(Collected data)
*** Block opens ***

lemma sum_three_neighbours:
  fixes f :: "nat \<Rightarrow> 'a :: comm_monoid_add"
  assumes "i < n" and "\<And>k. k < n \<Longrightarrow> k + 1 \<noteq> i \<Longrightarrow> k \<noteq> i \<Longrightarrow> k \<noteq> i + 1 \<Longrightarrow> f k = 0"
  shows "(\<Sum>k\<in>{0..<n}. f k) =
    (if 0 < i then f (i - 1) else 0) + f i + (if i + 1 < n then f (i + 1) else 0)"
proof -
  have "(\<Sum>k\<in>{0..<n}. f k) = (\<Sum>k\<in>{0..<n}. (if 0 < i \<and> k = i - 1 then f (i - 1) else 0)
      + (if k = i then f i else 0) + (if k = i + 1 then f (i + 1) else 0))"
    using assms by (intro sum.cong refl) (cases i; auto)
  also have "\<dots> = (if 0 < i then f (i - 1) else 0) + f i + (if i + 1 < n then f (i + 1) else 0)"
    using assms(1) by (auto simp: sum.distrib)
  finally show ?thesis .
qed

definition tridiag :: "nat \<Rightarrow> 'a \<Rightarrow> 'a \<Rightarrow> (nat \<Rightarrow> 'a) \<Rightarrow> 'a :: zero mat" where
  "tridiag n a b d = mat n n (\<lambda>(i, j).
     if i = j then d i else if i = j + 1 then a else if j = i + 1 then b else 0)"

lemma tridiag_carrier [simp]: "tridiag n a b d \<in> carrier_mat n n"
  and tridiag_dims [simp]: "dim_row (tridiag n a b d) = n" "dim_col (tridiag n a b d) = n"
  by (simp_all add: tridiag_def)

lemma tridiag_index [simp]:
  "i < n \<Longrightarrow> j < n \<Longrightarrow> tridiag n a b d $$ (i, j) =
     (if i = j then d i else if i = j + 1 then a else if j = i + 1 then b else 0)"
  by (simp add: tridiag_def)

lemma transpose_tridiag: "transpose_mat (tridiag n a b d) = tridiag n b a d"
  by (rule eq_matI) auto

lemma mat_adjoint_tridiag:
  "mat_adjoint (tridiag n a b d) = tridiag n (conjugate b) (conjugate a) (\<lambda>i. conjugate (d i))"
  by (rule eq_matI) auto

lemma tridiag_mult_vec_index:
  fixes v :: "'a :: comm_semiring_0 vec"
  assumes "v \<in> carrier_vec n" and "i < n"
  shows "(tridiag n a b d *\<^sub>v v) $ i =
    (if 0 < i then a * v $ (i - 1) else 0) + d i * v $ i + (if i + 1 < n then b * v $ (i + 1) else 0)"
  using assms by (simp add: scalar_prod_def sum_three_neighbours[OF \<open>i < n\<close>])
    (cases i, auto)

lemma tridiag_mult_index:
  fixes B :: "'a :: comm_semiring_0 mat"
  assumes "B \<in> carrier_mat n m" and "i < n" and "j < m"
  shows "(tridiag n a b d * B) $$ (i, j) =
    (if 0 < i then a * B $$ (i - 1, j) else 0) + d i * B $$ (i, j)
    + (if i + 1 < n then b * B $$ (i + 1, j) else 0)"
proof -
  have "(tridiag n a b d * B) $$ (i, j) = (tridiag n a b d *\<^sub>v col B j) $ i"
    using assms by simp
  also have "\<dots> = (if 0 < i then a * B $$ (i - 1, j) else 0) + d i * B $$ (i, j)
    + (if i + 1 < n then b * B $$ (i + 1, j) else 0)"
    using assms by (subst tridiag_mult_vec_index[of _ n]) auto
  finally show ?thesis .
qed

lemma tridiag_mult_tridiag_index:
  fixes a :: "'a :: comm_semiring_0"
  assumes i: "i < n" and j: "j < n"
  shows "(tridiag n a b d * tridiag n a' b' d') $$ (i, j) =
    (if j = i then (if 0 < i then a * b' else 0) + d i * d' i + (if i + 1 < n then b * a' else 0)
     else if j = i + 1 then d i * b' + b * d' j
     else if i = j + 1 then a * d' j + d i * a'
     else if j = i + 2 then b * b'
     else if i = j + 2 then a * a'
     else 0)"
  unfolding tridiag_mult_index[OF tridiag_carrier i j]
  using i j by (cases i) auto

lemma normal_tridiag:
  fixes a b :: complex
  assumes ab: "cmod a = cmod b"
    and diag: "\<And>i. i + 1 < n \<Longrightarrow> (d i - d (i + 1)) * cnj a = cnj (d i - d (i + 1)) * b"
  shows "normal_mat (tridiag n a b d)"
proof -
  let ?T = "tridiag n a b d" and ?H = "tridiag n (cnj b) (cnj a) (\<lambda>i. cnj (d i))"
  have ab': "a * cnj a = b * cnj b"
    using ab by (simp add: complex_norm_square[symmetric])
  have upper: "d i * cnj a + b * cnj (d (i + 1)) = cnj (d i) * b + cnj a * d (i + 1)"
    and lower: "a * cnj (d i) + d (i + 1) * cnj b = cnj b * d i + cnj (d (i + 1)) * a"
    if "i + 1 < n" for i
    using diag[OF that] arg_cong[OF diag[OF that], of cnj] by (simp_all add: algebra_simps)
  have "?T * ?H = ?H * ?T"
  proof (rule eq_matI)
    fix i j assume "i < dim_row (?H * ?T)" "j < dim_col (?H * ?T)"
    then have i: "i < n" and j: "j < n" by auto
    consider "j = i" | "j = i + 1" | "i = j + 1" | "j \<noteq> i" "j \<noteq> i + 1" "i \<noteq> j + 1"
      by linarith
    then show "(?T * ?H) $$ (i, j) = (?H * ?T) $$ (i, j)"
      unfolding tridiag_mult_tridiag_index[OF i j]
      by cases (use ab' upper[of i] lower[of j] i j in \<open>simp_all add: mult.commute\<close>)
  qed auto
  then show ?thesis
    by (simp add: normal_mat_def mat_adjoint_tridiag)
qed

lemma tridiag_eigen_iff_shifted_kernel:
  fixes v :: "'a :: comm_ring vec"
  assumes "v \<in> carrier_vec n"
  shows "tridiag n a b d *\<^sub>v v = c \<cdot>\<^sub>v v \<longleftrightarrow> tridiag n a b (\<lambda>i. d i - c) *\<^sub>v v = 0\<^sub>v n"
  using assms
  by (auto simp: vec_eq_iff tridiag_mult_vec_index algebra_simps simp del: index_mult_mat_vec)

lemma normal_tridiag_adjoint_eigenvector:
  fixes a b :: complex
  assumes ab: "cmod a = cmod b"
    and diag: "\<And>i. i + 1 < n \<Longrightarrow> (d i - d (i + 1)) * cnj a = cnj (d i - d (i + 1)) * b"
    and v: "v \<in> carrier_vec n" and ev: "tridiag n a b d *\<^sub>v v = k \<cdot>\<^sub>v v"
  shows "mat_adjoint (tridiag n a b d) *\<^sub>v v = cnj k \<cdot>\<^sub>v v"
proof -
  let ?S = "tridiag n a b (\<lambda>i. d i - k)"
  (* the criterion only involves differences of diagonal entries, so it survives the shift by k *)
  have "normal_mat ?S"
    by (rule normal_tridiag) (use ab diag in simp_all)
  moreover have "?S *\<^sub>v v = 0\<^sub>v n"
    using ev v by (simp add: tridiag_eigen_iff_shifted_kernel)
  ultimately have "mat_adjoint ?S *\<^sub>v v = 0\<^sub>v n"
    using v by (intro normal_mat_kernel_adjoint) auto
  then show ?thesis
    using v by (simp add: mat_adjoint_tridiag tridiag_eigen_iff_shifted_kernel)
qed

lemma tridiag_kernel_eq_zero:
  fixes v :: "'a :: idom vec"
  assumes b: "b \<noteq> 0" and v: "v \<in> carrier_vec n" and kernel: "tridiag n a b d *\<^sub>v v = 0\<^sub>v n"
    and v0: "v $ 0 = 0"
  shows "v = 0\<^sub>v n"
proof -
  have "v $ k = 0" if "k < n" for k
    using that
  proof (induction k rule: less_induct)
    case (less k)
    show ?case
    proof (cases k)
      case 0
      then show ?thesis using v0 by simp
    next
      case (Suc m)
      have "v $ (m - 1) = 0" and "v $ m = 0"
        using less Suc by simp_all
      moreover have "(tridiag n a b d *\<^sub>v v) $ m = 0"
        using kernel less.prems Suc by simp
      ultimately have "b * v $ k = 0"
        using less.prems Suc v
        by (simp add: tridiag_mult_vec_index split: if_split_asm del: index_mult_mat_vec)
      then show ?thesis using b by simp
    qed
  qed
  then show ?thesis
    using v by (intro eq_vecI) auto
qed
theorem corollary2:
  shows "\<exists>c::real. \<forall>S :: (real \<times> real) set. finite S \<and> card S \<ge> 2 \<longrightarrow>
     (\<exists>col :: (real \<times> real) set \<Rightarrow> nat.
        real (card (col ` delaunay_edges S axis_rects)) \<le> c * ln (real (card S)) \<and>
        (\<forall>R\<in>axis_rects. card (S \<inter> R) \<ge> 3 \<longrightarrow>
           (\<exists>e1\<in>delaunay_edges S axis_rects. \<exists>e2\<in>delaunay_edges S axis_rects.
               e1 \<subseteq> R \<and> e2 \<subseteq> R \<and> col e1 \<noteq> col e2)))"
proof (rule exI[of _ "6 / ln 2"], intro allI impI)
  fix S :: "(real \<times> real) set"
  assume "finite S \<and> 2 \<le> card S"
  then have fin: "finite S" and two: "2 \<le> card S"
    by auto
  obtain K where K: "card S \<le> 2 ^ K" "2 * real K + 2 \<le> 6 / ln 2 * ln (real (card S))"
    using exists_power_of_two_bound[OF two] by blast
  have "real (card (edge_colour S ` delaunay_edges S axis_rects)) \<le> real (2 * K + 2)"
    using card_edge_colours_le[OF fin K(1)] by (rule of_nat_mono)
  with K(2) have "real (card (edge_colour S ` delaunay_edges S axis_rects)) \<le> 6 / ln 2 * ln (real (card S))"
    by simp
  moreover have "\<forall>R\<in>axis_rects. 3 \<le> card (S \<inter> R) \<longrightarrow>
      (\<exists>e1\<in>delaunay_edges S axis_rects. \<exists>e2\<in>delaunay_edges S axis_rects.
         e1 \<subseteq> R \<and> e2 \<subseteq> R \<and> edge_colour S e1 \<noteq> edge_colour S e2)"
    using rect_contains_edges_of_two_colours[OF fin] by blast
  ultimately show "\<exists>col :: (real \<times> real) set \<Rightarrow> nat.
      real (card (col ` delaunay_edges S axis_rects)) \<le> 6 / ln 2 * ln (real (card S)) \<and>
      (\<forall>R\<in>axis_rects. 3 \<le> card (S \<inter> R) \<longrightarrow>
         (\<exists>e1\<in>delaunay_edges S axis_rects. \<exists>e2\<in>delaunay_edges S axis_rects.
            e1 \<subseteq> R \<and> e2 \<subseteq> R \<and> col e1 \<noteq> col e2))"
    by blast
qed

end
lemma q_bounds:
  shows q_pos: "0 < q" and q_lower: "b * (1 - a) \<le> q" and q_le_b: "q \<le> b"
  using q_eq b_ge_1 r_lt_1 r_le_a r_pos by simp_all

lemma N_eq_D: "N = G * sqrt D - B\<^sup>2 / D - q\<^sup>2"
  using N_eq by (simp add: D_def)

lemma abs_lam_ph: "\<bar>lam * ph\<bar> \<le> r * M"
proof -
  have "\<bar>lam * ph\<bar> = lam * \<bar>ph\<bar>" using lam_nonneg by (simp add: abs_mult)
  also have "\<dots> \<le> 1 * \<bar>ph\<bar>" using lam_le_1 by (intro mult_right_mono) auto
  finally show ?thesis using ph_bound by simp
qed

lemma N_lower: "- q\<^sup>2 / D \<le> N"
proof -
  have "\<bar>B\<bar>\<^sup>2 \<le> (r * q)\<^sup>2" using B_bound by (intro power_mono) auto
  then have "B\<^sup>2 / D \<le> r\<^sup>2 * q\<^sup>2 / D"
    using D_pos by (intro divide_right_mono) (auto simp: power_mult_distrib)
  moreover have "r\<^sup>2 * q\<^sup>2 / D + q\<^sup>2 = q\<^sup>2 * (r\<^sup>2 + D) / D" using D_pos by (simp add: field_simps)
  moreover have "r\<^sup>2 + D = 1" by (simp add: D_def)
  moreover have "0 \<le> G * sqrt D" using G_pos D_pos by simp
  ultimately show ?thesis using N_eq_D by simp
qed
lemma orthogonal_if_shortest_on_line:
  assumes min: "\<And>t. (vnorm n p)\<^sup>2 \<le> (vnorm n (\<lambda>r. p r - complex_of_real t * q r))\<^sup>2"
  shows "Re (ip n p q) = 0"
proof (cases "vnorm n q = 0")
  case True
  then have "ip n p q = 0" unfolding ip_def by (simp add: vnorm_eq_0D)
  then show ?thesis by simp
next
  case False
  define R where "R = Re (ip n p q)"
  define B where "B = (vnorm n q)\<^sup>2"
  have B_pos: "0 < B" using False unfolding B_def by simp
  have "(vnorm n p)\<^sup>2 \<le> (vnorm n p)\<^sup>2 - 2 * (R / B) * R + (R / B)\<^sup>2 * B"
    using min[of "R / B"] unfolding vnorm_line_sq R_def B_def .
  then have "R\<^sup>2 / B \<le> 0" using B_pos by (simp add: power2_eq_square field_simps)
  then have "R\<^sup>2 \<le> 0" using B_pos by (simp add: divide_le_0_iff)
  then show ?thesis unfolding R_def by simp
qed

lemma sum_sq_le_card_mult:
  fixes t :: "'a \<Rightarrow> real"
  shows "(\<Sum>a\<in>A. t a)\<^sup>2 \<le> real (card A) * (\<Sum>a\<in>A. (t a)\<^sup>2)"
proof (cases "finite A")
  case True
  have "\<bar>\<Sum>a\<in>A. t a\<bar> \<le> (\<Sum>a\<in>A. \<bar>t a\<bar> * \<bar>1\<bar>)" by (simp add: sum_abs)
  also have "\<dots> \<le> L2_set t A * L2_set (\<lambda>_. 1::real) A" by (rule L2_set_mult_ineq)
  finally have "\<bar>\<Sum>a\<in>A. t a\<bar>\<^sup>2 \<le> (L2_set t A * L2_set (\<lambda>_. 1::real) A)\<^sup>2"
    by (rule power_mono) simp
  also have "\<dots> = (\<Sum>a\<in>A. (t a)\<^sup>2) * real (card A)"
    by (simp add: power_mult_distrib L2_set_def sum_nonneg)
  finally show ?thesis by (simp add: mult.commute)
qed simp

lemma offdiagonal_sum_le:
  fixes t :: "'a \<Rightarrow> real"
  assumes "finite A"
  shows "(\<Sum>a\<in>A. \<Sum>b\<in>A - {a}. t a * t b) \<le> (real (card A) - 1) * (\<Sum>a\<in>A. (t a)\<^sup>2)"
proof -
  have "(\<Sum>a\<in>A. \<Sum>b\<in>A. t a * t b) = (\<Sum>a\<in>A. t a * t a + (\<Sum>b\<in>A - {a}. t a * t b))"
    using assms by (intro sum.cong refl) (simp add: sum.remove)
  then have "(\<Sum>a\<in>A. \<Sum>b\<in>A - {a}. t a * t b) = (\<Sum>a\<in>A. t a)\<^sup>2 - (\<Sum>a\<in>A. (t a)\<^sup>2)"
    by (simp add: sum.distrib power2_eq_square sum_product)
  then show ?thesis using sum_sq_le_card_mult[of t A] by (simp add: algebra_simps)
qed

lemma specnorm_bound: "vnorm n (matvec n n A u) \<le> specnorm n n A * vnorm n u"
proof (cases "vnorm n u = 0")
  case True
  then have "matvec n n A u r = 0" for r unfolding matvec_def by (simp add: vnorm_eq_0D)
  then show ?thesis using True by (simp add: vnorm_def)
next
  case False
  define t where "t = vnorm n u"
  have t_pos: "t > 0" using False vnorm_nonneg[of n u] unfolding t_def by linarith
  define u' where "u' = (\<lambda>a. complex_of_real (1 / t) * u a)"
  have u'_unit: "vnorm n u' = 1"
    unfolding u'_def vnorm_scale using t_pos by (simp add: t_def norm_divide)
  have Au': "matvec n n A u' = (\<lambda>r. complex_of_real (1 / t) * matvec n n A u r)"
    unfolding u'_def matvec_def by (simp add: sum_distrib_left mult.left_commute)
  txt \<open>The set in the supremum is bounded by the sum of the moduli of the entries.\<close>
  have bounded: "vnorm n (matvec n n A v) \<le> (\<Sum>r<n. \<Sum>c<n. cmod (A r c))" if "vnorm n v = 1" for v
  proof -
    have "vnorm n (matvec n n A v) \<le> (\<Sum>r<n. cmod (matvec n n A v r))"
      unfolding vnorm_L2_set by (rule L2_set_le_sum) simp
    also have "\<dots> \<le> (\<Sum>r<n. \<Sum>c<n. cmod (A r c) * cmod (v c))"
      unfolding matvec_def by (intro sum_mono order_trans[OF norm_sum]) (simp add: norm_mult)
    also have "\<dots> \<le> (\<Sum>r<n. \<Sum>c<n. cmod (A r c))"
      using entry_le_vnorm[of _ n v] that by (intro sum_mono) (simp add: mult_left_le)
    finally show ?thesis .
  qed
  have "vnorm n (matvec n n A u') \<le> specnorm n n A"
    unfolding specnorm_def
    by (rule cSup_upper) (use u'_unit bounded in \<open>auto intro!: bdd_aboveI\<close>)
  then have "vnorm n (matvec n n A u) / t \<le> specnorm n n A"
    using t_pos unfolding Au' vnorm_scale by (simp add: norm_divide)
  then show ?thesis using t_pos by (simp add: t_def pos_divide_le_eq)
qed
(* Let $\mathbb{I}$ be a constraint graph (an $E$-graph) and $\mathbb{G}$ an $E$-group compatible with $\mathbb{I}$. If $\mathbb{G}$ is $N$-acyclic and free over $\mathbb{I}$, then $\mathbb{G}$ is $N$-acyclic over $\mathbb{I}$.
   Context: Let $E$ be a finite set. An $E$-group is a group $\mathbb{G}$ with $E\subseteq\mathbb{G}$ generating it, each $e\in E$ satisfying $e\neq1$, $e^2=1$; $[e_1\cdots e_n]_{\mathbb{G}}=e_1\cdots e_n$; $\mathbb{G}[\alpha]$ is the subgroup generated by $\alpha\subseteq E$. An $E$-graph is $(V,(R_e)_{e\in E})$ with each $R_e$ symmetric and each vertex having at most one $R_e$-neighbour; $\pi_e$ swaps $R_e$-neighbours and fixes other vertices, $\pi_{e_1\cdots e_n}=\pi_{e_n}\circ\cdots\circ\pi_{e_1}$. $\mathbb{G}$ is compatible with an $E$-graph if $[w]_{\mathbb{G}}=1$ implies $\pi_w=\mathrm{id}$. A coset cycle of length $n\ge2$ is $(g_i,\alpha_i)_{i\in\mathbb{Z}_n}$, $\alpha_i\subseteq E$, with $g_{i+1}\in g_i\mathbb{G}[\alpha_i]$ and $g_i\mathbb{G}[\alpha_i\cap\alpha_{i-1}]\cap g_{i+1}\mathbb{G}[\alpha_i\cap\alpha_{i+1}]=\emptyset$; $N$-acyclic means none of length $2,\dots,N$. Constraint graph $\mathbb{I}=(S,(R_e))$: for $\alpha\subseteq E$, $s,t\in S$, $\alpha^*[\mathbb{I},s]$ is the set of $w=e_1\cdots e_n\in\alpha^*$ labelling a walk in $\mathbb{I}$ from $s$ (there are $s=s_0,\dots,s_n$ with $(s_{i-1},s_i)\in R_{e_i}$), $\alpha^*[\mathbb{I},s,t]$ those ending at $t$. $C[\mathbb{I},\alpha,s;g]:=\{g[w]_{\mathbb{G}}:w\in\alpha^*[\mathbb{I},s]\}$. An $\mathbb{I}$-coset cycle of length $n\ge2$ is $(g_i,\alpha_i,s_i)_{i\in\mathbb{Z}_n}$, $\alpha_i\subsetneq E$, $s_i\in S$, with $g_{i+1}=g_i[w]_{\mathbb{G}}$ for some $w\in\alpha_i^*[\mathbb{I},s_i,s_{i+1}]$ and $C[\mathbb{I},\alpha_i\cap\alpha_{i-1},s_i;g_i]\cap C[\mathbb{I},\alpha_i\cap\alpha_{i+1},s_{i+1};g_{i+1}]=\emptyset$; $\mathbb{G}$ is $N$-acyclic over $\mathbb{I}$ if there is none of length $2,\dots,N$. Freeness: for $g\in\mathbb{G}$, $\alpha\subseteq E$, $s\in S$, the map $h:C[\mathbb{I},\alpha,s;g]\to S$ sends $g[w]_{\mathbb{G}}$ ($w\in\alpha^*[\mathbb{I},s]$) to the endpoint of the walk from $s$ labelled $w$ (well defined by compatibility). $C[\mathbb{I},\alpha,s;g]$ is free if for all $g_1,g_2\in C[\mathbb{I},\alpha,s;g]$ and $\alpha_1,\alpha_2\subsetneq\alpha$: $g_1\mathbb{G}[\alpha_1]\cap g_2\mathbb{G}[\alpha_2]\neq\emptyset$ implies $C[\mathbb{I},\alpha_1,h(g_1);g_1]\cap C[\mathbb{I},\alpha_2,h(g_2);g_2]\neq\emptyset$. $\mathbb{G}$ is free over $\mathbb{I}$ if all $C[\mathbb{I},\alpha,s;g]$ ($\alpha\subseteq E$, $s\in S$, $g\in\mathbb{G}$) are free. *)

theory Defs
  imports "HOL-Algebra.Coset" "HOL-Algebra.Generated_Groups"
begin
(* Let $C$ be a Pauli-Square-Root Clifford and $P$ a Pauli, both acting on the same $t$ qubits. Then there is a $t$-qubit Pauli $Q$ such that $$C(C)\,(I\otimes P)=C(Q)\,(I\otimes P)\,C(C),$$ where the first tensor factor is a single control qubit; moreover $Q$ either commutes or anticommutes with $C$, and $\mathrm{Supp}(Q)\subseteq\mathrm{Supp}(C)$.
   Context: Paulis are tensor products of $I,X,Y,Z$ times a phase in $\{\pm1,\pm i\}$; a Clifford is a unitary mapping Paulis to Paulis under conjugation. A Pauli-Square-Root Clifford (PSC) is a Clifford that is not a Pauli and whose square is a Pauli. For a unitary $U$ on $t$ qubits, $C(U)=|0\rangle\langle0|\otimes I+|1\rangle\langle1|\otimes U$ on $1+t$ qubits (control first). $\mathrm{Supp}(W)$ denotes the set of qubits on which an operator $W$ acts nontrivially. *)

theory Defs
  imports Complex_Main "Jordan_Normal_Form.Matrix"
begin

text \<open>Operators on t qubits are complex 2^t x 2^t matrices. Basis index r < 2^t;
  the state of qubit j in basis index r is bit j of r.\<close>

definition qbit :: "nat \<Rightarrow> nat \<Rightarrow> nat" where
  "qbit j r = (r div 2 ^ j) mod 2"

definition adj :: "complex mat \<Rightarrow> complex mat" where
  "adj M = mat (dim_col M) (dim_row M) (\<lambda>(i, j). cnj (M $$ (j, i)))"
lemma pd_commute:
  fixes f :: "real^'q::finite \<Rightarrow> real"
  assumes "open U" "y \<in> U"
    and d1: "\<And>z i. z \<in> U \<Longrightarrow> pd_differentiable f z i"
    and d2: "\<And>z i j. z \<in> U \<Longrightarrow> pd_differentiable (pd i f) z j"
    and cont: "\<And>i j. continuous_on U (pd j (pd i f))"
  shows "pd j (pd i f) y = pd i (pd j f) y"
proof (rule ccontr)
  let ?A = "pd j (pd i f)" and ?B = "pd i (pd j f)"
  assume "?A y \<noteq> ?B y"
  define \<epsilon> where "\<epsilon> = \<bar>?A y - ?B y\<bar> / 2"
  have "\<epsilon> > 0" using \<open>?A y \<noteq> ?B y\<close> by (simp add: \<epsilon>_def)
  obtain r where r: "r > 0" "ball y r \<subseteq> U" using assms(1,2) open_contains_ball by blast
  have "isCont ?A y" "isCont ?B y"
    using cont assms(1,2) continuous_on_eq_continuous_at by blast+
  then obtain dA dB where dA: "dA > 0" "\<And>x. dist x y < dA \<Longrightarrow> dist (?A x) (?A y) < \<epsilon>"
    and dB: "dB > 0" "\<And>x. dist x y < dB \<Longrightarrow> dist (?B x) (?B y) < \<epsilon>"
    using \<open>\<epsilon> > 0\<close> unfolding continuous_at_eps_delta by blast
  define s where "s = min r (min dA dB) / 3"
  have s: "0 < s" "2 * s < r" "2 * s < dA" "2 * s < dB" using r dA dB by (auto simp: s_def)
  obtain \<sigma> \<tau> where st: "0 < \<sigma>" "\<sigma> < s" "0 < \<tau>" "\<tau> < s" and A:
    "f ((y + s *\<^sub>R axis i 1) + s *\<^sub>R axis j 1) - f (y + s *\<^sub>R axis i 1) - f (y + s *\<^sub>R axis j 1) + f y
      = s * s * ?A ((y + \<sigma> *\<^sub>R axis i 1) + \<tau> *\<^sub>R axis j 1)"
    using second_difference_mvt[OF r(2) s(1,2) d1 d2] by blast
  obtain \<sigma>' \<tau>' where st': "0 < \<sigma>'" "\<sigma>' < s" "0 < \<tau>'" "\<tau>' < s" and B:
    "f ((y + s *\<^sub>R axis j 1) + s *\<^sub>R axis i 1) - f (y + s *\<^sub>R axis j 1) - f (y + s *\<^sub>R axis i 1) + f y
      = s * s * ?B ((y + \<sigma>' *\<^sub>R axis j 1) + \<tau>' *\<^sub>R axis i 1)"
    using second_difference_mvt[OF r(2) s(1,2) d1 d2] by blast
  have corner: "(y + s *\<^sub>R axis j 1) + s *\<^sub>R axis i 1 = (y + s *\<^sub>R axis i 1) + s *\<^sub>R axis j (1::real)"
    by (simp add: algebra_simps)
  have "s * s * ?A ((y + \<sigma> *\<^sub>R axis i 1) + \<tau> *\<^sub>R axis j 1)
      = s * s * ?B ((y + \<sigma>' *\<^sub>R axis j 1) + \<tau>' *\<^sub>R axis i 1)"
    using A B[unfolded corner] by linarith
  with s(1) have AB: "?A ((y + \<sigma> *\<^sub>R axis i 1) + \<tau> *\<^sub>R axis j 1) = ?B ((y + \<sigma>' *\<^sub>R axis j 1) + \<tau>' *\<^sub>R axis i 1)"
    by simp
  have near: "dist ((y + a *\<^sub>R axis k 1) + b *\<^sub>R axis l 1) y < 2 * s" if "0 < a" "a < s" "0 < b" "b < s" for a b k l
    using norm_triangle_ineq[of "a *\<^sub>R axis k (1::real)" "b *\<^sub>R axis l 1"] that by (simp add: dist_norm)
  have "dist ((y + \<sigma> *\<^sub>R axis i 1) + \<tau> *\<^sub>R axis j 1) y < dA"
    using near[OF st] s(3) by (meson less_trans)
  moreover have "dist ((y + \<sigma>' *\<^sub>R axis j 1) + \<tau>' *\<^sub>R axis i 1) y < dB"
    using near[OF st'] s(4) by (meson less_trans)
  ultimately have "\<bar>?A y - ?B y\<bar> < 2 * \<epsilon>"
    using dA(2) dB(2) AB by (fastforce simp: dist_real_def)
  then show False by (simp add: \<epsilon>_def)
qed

*** Block closes ***

Instructions for the task
Identify the lines in the entries that hold "bounded" and return each one.

Problem solution
  txt \<open>The set in the supremum is bounded by the sum of the moduli of the entries.\<close>
  have bounded: "vnorm n (matvec n n A v) \<le> (\<Sum>r<n. \<Sum>c<n. cmod (A r c))" if "vnorm n v = 1" for v
    by (rule cSup_upper) (use u'_unit bounded in \<open>auto intro!: bdd_aboveI\<close>)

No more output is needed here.